### [WHAT IS EXPECTED]
A copy is needed of each line in the records that has the word "dest".

### [Stored items]
★ ★ ★
lemma hyperF_reflected_expansion:
  fixes a c :: complex
  assumes "p \<le> 1" "1 - c - of_nat n \<notin> \<int>\<^sub>\<le>\<^sub>0"
  shows "(1 + c - a + of_nat n) ^ p * pochhammer c n
           * hyperF [- of_nat n, of_nat p + 1 + c - a + of_nat n, a - c - of_nat n]
                    [of_nat p + 1 / 2, 1 - c - of_nat n] (1 / 4)
       = (\<Sum>k\<le>2 * n + p. pochhammer c k * transform_coeff n p a k)"
proof -
  let ?B = "\<lambda>j k. pochhammer_basis_coeff (n - j) (2 * j + p) (1 - a) k"
  have "(1 + c - a + of_nat n) ^ p * pochhammer c n
           * hyperF [- of_nat n, of_nat p + 1 + c - a + of_nat n, a - c - of_nat n]
                    [of_nat p + 1 / 2, 1 - c - of_nat n] (1 / 4)
      = (\<Sum>j\<le>n. transform_weight n p j
                   * (pochhammer c (n - j) * pochhammer (c + of_nat (n - j) + (1 - a)) (2 * j + p)))"
    unfolding hyperF_terminating sum_distrib_left
  proof (intro sum.cong refl)
    fix j
    assume "j \<in> {..n}"
    moreover have "pochhammer (1 - c - of_nat n) j \<noteq> 0"
      using assms(2) by (auto dest: pochhammer_eq_0_imp_nonpos_Int)
    ultimately show "(1 + c - a + of_nat n) ^ p * pochhammer c n
        * (pochhammer (- of_nat n) j
             * (\<Prod>x\<leftarrow>[of_nat p + 1 + c - a + of_nat n, a - c - of_nat n]. pochhammer x j)
           / (fact j * (\<Prod>x\<leftarrow>[of_nat p + 1 / 2, 1 - c - of_nat n]. pochhammer x j)) * (1 / 4) ^ j)
      = transform_weight n p j
          * (pochhammer c (n - j) * pochhammer (c + of_nat (n - j) + (1 - a)) (2 * j + p))"
      using reflected_term_eq_weighted_pochhammer[OF _ assms(1)] by (simp add: mult.assoc)
  qed
  also have "\<dots> = (\<Sum>j\<le>n. transform_weight n p j * (\<Sum>k\<le>2 * n + p. pochhammer c k * ?B j k))"
    by (intro sum.cong refl arg_cong2[where f = "(*)"] pochhammer_mult_pochhammer_expansion) auto
  also have "\<dots> = (\<Sum>k\<le>2 * n + p. pochhammer c k * transform_coeff n p a k)"
    unfolding transform_coeff_def sum_distrib_left
    by (subst sum.swap) (simp add: mult_ac)
  finally show ?thesis .
qed

lemma hyperF_quarter_transformation:
  fixes n p :: nat and a c l :: complex
  assumes "p \<le> 1" and "1 - c - of_nat n \<notin> \<int>\<^sub>\<le>\<^sub>0"
    and "l \<notin> \<int>\<^sub>\<le>\<^sub>0" "l + 1 / 2 \<notin> \<int>\<^sub>\<le>\<^sub>0" "2 * l = a - of_nat (2 * n + p)"
    and "pochhammer (1 - a) (2 * n + p) \<noteq> 0"
  shows "hyperF [- of_nat (2 * n + p), a, c] [l, l + 1 / 2] (1 / 4)
       = (-1) ^ n * fact (2 * n + p) / (fact n * pochhammer (1 - a) (2 * n + p))
         * ((1 + c - a + of_nat n) ^ p * pochhammer c n
            * hyperF [- of_nat n, of_nat p + 1 + c - a + of_nat n, a - c - of_nat n]
                     [of_nat p + 1 / 2, 1 - c - of_nat n] (1 / 4))"
proof -
  have no_pole: "pochhammer (a - of_nat (2 * n + p)) (2 * k) \<noteq> 0" for k
  proof -
    have "pochhammer l k * pochhammer (l + 1 / 2) k \<noteq> 0"
      using assms(3,4) by (auto dest: pochhammer_eq_0_imp_nonpos_Int)
    then show ?thesis
      unfolding assms(5)[symmetric] pochhammer_double by simp
  qed
  show ?thesis
    unfolding hyperF_duplicated_lower hyperF_reflected_expansion[OF assms(1,2)] sum_distrib_left
      assms(5)
  proof (intro sum.cong refl)
    fix k
    assume "k \<in> {..2 * n + p}"
    then show "pochhammer (- of_nat (2 * n + p)) k * pochhammer a k * pochhammer c k
                 / (fact k * pochhammer (a - of_nat (2 * n + p)) (2 * k))
             = (-1) ^ n * fact (2 * n + p) / (fact n * pochhammer (1 - a) (2 * n + p))
                 * (pochhammer c k * transform_coeff n p a k)"
      using transform_coeff_eq[of k n p a] assms(1,6) no_pole[of k] by (simp add: field_simps)
  qed
qed

theorem proposition5p2:
  fixes n :: nat and a c :: complex
  assumes hc: "1 - c - of_nat n \<notin> \<int>\<^sub>\<le>\<^sub>0"
  shows "(a / 2 - of_nat n \<notin> \<int>\<^sub>\<le>\<^sub>0 \<and> (a + 1) / 2 - of_nat n \<notin> \<int>\<^sub>\<le>\<^sub>0
            \<and> pochhammer (1 - a) (2 * n) \<noteq> 0 \<longrightarrow>
          hyperF [- of_nat (2 * n), a, c] [a / 2 - of_nat n, (a + 1) / 2 - of_nat n] (1 / 4)
          = (-1) ^ n * fact (2 * n) * pochhammer c n / (fact n * pochhammer (1 - a) (2 * n))
            * hyperF [- of_nat n, 1 + c - a + of_nat n, a - c - of_nat n] [1 / 2, 1 - c - of_nat n] (1 / 4))
       \<and> ((a - 1) / 2 - of_nat n \<notin> \<int>\<^sub>\<le>\<^sub>0 \<and> a / 2 - of_nat n \<notin> \<int>\<^sub>\<le>\<^sub>0
            \<and> pochhammer (1 - a) (2 * n + 1) \<noteq> 0 \<longrightarrow>
          hyperF [- of_nat (2 * n + 1), a, c] [(a - 1) / 2 - of_nat n, a / 2 - of_nat n] (1 / 4)
          = (-1) ^ n * (1 + c - a + of_nat n) * fact (2 * n + 1) * pochhammer c n
              / (fact n * pochhammer (1 - a) (2 * n + 1))
            * hyperF [- of_nat n, 2 + c - a + of_nat n, a - c - of_nat n] [3 / 2, 1 - c - of_nat n] (1 / 4))"
proof -
  have even_shift: "a / 2 - of_nat n + 1 / 2 = (a + 1) / 2 - of_nat n"
    and odd_shift: "(a - 1) / 2 - of_nat n + 1 / 2 = a / 2 - of_nat n"
    and odd_double: "2 * ((a - 1) / 2 - of_nat n) = a - of_nat (2 * n + 1)"
    by (simp_all add: field_simps)
  show ?thesis
    using hyperF_quarter_transformation[of 0 c n "a / 2 - of_nat n" a, unfolded even_shift]
      hyperF_quarter_transformation[of 1 c n "(a - 1) / 2 - of_nat n" a, unfolded odd_shift]
      hc odd_double
    by (simp add: add_ac)
qed

end
(* Let $k$ be a positive integer. For any approval-dependent scoring rule $f$ and any instance $\mathcal{I}_{m,\mathcal{A}_n,k}$ in which some item has positive score, $P(\mathcal{I}_{m,\mathcal{A}_n,k},f)\le k$; hence $P(k,f)\le k$. Moreover, this bound is attained for certain approval-dependent scoring rules: in particular, for maximin diverse approval $f_{DA}$ with $\gamma>1$ groups, $P(k,f_{DA})=k$.
   Context: An instance $\mathcal{I}_{m,\mathcal{A}_n,k}=\langle m,\mathcal{A}_n,k\rangle$ consists of items $[m]$, users $[n]$, an approval profile $\mathcal{A}_n=(A_1,\dots,A_n)$ with $A_u\subseteq[m]$, and a target size $k\le m$. A scoring rule assigns each item $i$ a score $f(i,\mathcal{A}_n)\ge0$, additive over sets: $f(S)=\sum_{i\in S}f(i,\mathcal{A}_n)$. The rule is approval-dependent if $f(i,\mathcal{A}_n)=0$ for every item $i\notin\bigcup_{u=1}^nA_u$. Maximin diverse approval: users are partitioned into $\gamma$ nonempty groups $G_1,\dots,G_\gamma$ and $f_{DA}(i,\mathcal{A}_n)=\min_{g\in[\gamma]}\frac{1}{|G_g|}|\{u\in G_g: i\in A_u\}|$. A group $G\subseteq[n]$ is cohesive if $\bigcap_{u\in G}A_u\ne\emptyset$; $S$ represents $G$ if some $u\in G$ has $A_u\cap S\ne\emptyset$; $S$ satisfies justified representation (JR) if $|S|=k$ and $S$ represents every cohesive group of at least $n/k$ users. $S^*$ maximizes $f(S)$ over $|S|=k$; $S^*_{JR}$ maximizes $f(S)$ over sets satisfying JR. The price of JR is $P(\mathcal{I}_{m,\mathcal{A}_n,k},f)=f(S^* )/f(S^*_{JR})$ and $P(k,f)=\max_{\mathcal{I}_{m,\mathcal{A}_n,k}}P(\mathcal{I}_{m,\mathcal{A}_n,k},f)$ over all instances with set size $k$ (for $f_{DA}$, instances include the group partition). *)

theory Defs
  imports Complex_Main
begin

text \<open>Items are {..<m}, users are {..<n}; an approval profile is A :: nat => nat set,
  of which only A 0, ..., A (n-1) are relevant. A scoring rule is a function
  f m n A i giving the score of item i in the instance with m items, n users, profile A.\<close>

type_synonym profile = "nat \<Rightarrow> nat set"
type_synonym scoring_rule = "nat \<Rightarrow> nat \<Rightarrow> profile \<Rightarrow> nat \<Rightarrow> real"

definition valid_instance :: "nat \<Rightarrow> nat \<Rightarrow> profile \<Rightarrow> nat \<Rightarrow> bool" where
  "valid_instance m n A k \<longleftrightarrow> k \<le> m \<and> (\<forall>u<n. A u \<subseteq> {..<m})"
★ ★ ★
### [OUTPUT OF THE TASK]
      using assms(2) by (auto dest: pochhammer_eq_0_imp_nonpos_Int)
      using assms(3,4) by (auto dest: pochhammer_eq_0_imp_nonpos_Int)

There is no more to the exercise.